# Partial Derivatives with gas, pressure, volume, temperature..

• Oct 9th 2008, 08:28 PM
Qt3e_M3
Partial Derivatives with gas, pressure, volume, temperature..
The gas law for a fixed mass m for an ideal gas at absolute temperature T, pressure P, and volume V is PV = mRT, where R is the gas constant.
Show that бP/бV бV/бT бT/бP = -1

So basically P = mRT/V, V = mRT/P, T = PV/mR are the different functions, and we take the partial derivative of each...but not totally sure how
• Oct 10th 2008, 08:56 AM
Qt3e_M3
Still looking for this...:(
• Oct 10th 2008, 09:02 AM
galactus
Take the partial of each by just treating the others as a constant.

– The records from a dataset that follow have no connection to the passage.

lemma inv_row_mult_diag:
  fixes X :: "'a::{linordered_ring_strict,ring_1} mat"
  assumes "X \<in> ut_mats I" "k \<in> I" "i \<le> k"
  shows "inv_row X i k * X k k = (if i = k then 1 else - (\<Sum>j\<in>{i..<k}. inv_row X i j * X j k))"
  using unit_inv[OF ut_mats_diag_unit[OF assms(1,2)]] assms(3)
  by (simp add: inv_row.simps[of X i k] mult.assoc)

lemma mat_inv_closed:
  fixes X :: "'a::{linordered_ring_strict,ring_1} mat"
  assumes X: "X \<in> ut_mats I"
  shows "mat_inv I X \<in> ut_mats I"
  unfolding ut_mats_def
proof (intro CollectI conjI ballI allI impI)
  fix i assume i: "i \<in> I"
  then have diag: "mat_inv I X i i = unit_inv (X i i)" by (simp add: mat_inv_def inv_row.simps)
  show "0 < mat_inv I X i i"
    using diag unit_inv_pos[OF ut_mats_diag_pos[OF X i] ut_mats_diag_unit[OF X i]] by simp
  show "\<exists>w. w * mat_inv I X i i = 1 \<and> mat_inv I X i i * w = 1"
    using diag unit_inv[OF ut_mats_diag_unit[OF X i]] by metis
qed (auto simp: mat_inv_def)

lemma mat_mult_inv_left:
  fixes X :: "'a::{linordered_ring_strict,ring_1} mat"
  assumes X: "X \<in> ut_mats I"
  shows "mat_mult I (mat_inv I X) X = mat_one I"
proof (intro ext)
  fix i k
  let ?Y = "mat_inv I X"
  have Y: "?Y \<in> ut_mats I" using mat_inv_closed[OF X] .
  show "mat_mult I ?Y X i k = mat_one I i k"
  proof (cases "i \<in> I \<and> k \<in> I \<and> i \<le> k")
    case False
    then have "?Y i j * X j k = 0" for j
      by (metis X Y le_trans mult_zero_left mult_zero_right ut_mats_nonzero)
    then have "(\<Sum>j\<le>k. ?Y i j * X j k) = 0" by (simp add: sum.neutral)
    then show ?thesis using False by (auto simp: mat_mult_ut[OF Y X] mat_one_def)
  next
    case True
    let ?S = "\<Sum>j\<in>{i..<k}. inv_row X i j * X j k"
    have "(\<Sum>j<k. ?Y i j * X j k) = ?S"
      by (rule sum.mono_neutral_cong_right) (use True X in \<open>auto simp: mat_inv_def ut_mats_outside\<close>)
    moreover have "?Y i k * X k k = (if i = k then 1 else - ?S)"
      using True inv_row_mult_diag[OF X] by (simp add: mat_inv_def)
    ultimately have "(\<Sum>j\<le>k. ?Y i j * X j k) = (if i = k then 1 else 0)"
      by (simp add: lessThan_Suc_atMost[symmetric])
    then show ?thesis using True by (simp add: mat_mult_ut[OF Y X] mat_one_def)
  qed
qed

lemma group_ut_group: "group (ut_group I :: 'a::{linordered_ring_strict,ring_1} mat monoid)"
proof (rule groupI)
  fix X assume "X \<in> carrier (ut_group I :: 'a mat monoid)"
  then show "\<exists>Y\<in>carrier (ut_group I). Y \<otimes>\<^bsub>ut_group I\<^esub> X = \<one>\<^bsub>ut_group I\<^esub>"
    using mat_inv_closed mat_mult_inv_left by (fastforce simp: ut_group_def)
qed (auto simp: ut_group_def mat_mult_closed mat_one_closed mat_mult_assoc mat_mult_one_left)

section \<open>The lexicographic order along superdiagonals\<close>

lemma less_fun_trichotomy_wellorder:
  fixes f g :: "'a::wellorder \<Rightarrow> 'b::linorder"
  shows "less_fun f g \<or> f = g \<or> less_fun g f"
proof (cases "f = g")
  case False
  then have ex: "\<exists>k. f k \<noteq> g k" by auto
  define k where "k = (LEAST k. f k \<noteq> g k)"
  have "f k \<noteq> g k" unfolding k_def using ex by (rule LeastI_ex)
  moreover have "f k' = g k'" if "k' < k" for k'
    using not_less_Least[of k' "\<lambda>k. f k \<noteq> g k"] that unfolding k_def by blast
  ultimately show ?thesis by (metis less_funI neq_iff)
qed simp

lemma less_fun_transfer:
  assumes "less_fun f g"
    and "\<And>p. (\<And>q. q < p \<Longrightarrow> f q = g q) \<Longrightarrow> f p = g p \<Longrightarrow> f' p = g' p"
    and "\<And>p. (\<And>q. q < p \<Longrightarrow> f q = g q) \<Longrightarrow> f p < g p \<Longrightarrow> f' p < g' p"
  shows "less_fun f' g'"
proof -
  obtain k where "f k < g k" and below: "\<And>k'. k' < k \<Longrightarrow> f k' = g k'"
    using assms(1) unfolding less_fun_def by blast
  have "f' k' = g' k'" if "k' < k" for k'
  proof (rule assms(2))
    show "f q = g q" if "q < k'" for q by (rule below) (rule less_trans[OF that \<open>k' < k\<close>])
  qed (rule below[OF that])
  moreover have "f' k < g' k" by (rule assms(3)[OF below \<open>f k < g k\<close>])
  ultimately show ?thesis by (intro less_funI exI[of _ k]) simp
qed

definition by_diagonals :: "'a mat \<Rightarrow> nat \<times> nat \<Rightarrow> 'a" where
  "by_diagonals X = (\<lambda>(d, i). X i (i + d))"

definition diag_lex_less :: "'a::linorder mat \<Rightarrow> 'a mat \<Rightarrow> bool" where
  "diag_lex_less X Y \<longleftrightarrow> less_fun (by_diagonals X) (by_diagonals Y)"

lemma by_diagonals_inj_ut:
  assumes X: "X \<in> ut_mats I" and Y: "Y \<in> ut_mats I" and eq: "by_diagonals X = by_diagonals Y"
  shows "X = Y"
proof (intro ext)
  fix i j
  show "X i j = Y i j"
  proof (cases "i \<le> j")
    case True
    then show ?thesis using fun_cong[OF eq, of "(j - i, i)"] by (simp add: by_diagonals_def)
  next
    case False
    then show ?thesis by (simp add: ut_mats_below_diag[OF X] ut_mats_below_diag[OF Y])
  qed
qed

lemma mat_mult_left_diff:
  fixes A X Y :: "'a::{linordered_ring_strict,ring_1} mat"
  assumes A: "A \<in> ut_mats I" and X: "X \<in> ut_mats I" and Y: "Y \<in> ut_mats I"
    and "a \<le> b" and agree: "\<And>l. a < l \<Longrightarrow> l \<le> b \<Longrightarrow> X l b = Y l b"
  shows "mat_mult I A X a b - mat_mult I A Y a b = A a a * (X a b - Y a b)"
proof -
  have "mat_mult I A X a b - mat_mult I A Y a b = (\<Sum>l\<le>b. A a l * (X l b - Y l b))"
    by (simp add: mat_mult_ut[OF A X] mat_mult_ut[OF A Y] sum_subtractf right_diff_distrib)
  also have "\<dots> = (\<Sum>l\<le>b. if l = a then A a a * (X a b - Y a b) else 0)"
    by (rule sum.cong) (auto simp: agree ut_mats_below_diag[OF A] neq_iff)
  finally show ?thesis using \<open>a \<le> b\<close> by simp
qed

lemma mat_mult_right_diff:
  fixes B X Y :: "'a::{linordered_ring_strict,ring_1} mat"
  assumes B: "B \<in> ut_mats I" and X: "X \<in> ut_mats I" and Y: "Y \<in> ut_mats I"
    and agree: "\<And>l. a \<le> l \<Longrightarrow> l < b \<Longrightarrow> X a l = Y a l"
  shows "mat_mult I X B a b - mat_mult I Y B a b = (X a b - Y a b) * B b b"
proof -
  have row: "X a l = Y a l" if "l < b" for l
    using that by (cases "l < a") (auto simp: agree ut_mats_below_diag[OF X] ut_mats_below_diag[OF Y])
  have "mat_mult I X B a b - mat_mult I Y B a b = (\<Sum>l\<le>b. (X a l - Y a l) * B l b)"
    by (simp add: mat_mult_ut[OF X B] mat_mult_ut[OF Y B] sum_subtractf left_diff_distrib)
  also have "\<dots> = (\<Sum>l\<le>b. if l = b then (X a b - Y a b) * B b b else 0)"
    by (rule sum.cong) (auto simp: row)
  finally show ?thesis by simp
qed

lemma diag_lex_less_transfer:
  fixes X Y X' Y' :: "'a::{linordered_ring_strict,ring_1} mat"
  assumes X: "X \<in> ut_mats I" and Y: "Y \<in> ut_mats I"
    and X': "X' \<in> ut_mats I" and Y': "Y' \<in> ut_mats I" and less: "diag_lex_less X Y"
    and step: "\<And>i j. i \<in> I \<Longrightarrow> j \<in> I \<Longrightarrow> i \<le> j
      \<Longrightarrow> (\<And>q. q < (j - i, i) \<Longrightarrow> by_diagonals X q = by_diagonals Y q)
      \<Longrightarrow> (X i j = Y i j \<longrightarrow> X' i j = Y' i j) \<and> (X i j < Y i j \<longrightarrow> X' i j < Y' i j)"
  shows "diag_lex_less X' Y'"
  unfolding diag_lex_less_def
proof (rule less_fun_transfer[OF less[unfolded diag_lex_less_def]])
  fix p assume agree: "\<And>q. q < p \<Longrightarrow> by_diagonals X q = by_diagonals Y q"
  obtain d i where p: "p = (d, i)" by fastforce
  have step_p: "(X i (i + d) = Y i (i + d) \<longrightarrow> X' i (i + d) = Y' i (i + d))
      \<and> (X i (i + d) < Y i (i + d) \<longrightarrow> X' i (i + d) < Y' i (i + d))"
    if "i \<in> I" "i + d \<in> I"
    using step[of i "i + d"] that agree by (simp add: p)
  show "by_diagonals X' p = by_diagonals Y' p" if "by_diagonals X p = by_diagonals Y p"
  proof (cases "i \<in> I \<and> i + d \<in> I")
    case True
    then show ?thesis using that step_p by (simp add: p by_diagonals_def)
  qed (auto simp: p by_diagonals_def ut_mats_outside[OF X'] ut_mats_outside[OF Y'])
  show "by_diagonals X' p < by_diagonals Y' p" if lt: "by_diagonals X p < by_diagonals Y p"
  proof -
    have "i \<in> I \<and> i + d \<in> I"
    proof (rule ccontr)
      assume "\<not> (i \<in> I \<and> i + d \<in> I)"
      then have "by_diagonals X p = by_diagonals Y p"
        by (auto simp: p by_diagonals_def ut_mats_outside[OF X] ut_mats_outside[OF Y])
      then show False using lt by simp
    qed
    then show ?thesis using lt step_p by (simp add: p by_diagonals_def)
  qed
qed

$\displaystyle \frac{{\partial}P}{{\partial}V}=\frac{-mRt}{V^{2}}$

$\displaystyle \frac{{\partial}V}{{\partial}T}=\frac{mR}{P}$

$\displaystyle \frac{{\partial}T}{{\partial}P}=\frac{V}{mR}$

Multiply them together:

$\displaystyle (\frac{-mRt}{V^{2}})(\frac{mR}{P})(\frac{V}{mR})=\frac{-mRT}{PV}$

But, $\displaystyle PV=mRT$

Sub it in:

$\displaystyle \frac{-mRT}{mRT}=-1$